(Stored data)
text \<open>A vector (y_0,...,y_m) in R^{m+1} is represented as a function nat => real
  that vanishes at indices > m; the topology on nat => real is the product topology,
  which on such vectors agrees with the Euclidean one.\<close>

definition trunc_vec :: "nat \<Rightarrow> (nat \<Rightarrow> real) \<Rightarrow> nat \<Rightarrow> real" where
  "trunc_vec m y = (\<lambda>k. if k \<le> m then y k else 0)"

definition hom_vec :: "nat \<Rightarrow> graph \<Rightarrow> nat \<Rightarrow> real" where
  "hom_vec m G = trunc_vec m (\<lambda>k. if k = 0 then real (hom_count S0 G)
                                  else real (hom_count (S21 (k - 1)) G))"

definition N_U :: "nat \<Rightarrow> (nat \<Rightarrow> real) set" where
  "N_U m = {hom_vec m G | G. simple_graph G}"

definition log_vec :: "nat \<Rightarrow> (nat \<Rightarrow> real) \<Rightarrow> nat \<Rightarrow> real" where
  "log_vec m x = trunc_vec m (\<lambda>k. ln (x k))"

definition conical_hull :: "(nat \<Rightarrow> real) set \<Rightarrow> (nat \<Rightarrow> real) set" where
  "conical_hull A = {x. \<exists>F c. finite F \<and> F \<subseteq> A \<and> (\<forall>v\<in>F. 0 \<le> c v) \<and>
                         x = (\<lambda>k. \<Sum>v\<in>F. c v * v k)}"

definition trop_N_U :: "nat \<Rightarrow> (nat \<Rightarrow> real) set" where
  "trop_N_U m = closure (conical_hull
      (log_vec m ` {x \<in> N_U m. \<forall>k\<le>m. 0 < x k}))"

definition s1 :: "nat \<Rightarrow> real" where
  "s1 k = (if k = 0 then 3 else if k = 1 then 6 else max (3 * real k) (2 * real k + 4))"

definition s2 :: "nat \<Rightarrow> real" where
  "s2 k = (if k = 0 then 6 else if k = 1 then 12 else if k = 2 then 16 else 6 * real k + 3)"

## [What you should do]
Each line from the one that includes "(hom_count S0 G)" down to the close of the records above is to be given again exactly, and no other line is to appear.

## [Completed exercise]
  "hom_vec m G = trunc_vec m (\<lambda>k. if k = 0 then real (hom_count S0 G)
                                  else real (hom_count (S21 (k - 1)) G))"

definition N_U :: "nat \<Rightarrow> (nat \<Rightarrow> real) set" where
  "N_U m = {hom_vec m G | G. simple_graph G}"

definition log_vec :: "nat \<Rightarrow> (nat \<Rightarrow> real) \<Rightarrow> nat \<Rightarrow> real" where
  "log_vec m x = trunc_vec m (\<lambda>k. ln (x k))"

definition conical_hull :: "(nat \<Rightarrow> real) set \<Rightarrow> (nat \<Rightarrow> real) set" where
  "conical_hull A = {x. \<exists>F c. finite F \<and> F \<subseteq> A \<and> (\<forall>v\<in>F. 0 \<le> c v) \<and>
                         x = (\<lambda>k. \<Sum>v\<in>F. c v * v k)}"

definition trop_N_U :: "nat \<Rightarrow> (nat \<Rightarrow> real) set" where
  "trop_N_U m = closure (conical_hull
      (log_vec m ` {x \<in> N_U m. \<forall>k\<le>m. 0 < x k}))"

definition s1 :: "nat \<Rightarrow> real" where
  "s1 k = (if k = 0 then 3 else if k = 1 then 6 else max (3 * real k) (2 * real k + 4))"

definition s2 :: "nat \<Rightarrow> real" where
  "s2 k = (if k = 0 then 6 else if k = 1 then 12 else if k = 2 then 16 else 6 * real k + 3)"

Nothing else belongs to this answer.